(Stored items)

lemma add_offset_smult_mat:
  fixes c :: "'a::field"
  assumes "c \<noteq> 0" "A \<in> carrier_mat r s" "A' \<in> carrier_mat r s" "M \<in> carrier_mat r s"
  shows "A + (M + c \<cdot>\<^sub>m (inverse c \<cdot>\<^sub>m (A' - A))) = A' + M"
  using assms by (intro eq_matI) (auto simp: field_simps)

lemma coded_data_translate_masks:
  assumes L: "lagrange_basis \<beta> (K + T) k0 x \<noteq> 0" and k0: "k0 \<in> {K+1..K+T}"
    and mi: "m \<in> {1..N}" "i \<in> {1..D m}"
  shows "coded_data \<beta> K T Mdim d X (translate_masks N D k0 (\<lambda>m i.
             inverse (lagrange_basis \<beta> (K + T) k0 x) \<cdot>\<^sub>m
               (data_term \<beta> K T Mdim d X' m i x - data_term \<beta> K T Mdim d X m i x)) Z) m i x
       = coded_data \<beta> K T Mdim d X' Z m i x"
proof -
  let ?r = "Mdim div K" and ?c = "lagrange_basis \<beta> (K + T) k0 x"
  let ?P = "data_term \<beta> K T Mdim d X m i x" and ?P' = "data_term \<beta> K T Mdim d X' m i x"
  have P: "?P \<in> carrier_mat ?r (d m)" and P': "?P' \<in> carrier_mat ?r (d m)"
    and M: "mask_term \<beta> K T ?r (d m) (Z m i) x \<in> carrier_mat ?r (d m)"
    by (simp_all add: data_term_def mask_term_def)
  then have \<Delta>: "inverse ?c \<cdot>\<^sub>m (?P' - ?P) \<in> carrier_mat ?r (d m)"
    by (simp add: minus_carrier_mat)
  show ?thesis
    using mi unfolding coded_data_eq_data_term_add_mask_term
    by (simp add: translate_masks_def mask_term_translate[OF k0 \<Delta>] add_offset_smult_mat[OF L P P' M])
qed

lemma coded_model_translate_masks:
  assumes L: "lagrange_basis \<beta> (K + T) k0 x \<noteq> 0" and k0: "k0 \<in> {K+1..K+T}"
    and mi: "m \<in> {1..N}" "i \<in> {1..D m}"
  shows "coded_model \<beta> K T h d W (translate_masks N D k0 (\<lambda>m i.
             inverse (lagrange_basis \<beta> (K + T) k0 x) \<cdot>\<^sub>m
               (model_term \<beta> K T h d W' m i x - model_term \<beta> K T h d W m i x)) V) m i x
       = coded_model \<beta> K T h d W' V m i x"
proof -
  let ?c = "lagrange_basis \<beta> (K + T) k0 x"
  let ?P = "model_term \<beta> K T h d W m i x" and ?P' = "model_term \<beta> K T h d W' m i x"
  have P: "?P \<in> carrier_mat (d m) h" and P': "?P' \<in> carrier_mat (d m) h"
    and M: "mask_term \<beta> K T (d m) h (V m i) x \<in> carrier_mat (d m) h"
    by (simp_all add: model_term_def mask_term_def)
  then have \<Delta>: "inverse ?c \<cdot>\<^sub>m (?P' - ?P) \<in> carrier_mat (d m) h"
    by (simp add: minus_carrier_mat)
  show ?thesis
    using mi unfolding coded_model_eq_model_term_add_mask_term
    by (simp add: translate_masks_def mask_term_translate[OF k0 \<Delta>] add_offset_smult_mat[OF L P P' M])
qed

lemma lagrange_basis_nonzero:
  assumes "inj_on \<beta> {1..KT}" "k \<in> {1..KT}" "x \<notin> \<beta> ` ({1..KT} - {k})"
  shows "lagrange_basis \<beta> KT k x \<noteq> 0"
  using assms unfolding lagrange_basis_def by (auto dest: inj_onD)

==

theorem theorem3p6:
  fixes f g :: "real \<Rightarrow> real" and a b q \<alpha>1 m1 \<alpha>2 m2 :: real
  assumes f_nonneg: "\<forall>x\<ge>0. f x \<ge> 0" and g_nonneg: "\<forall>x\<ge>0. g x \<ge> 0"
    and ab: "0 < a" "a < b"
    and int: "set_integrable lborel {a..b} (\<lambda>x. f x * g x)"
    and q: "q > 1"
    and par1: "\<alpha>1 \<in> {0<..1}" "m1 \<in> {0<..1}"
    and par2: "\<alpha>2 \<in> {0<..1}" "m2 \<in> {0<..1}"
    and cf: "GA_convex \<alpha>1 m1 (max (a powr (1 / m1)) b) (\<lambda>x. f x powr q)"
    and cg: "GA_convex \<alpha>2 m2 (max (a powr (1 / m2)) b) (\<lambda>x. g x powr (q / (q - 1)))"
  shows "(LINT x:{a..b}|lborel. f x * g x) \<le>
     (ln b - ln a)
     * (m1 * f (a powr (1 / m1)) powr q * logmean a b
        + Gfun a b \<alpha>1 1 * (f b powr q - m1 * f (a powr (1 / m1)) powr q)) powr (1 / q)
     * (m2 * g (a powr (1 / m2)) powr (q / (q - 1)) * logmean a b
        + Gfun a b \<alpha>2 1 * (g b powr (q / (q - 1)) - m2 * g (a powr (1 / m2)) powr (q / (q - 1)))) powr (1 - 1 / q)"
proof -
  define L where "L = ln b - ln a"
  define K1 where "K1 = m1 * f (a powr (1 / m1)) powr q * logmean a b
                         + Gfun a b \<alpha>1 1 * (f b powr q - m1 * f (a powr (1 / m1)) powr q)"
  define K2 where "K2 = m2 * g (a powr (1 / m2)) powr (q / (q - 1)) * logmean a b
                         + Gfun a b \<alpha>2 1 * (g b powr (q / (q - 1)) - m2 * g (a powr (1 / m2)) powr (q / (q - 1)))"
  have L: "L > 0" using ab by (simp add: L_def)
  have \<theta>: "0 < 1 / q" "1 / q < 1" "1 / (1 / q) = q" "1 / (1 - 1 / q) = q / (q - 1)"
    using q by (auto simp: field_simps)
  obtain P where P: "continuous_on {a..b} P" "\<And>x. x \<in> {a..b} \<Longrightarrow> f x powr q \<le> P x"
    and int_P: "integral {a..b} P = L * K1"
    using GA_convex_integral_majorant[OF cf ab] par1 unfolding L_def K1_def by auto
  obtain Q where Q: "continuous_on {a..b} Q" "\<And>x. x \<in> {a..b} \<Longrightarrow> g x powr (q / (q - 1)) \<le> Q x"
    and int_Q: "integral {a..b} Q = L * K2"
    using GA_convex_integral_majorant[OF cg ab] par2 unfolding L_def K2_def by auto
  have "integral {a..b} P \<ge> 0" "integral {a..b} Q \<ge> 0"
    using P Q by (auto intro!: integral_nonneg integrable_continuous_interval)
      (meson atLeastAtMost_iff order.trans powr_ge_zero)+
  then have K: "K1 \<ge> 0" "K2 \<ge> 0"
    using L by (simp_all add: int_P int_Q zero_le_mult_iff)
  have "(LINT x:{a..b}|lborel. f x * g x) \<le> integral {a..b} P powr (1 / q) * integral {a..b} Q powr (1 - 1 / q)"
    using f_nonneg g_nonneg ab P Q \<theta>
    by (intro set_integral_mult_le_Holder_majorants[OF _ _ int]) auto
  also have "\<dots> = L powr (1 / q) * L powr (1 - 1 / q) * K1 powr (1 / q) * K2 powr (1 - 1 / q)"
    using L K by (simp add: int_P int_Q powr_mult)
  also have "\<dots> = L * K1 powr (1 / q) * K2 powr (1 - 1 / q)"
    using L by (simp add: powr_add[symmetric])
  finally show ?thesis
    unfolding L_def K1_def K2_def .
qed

[Task statement]: For the records above, give the number of lines that include the string "LINT", with nothing added.

[Solution to the exercise]: 2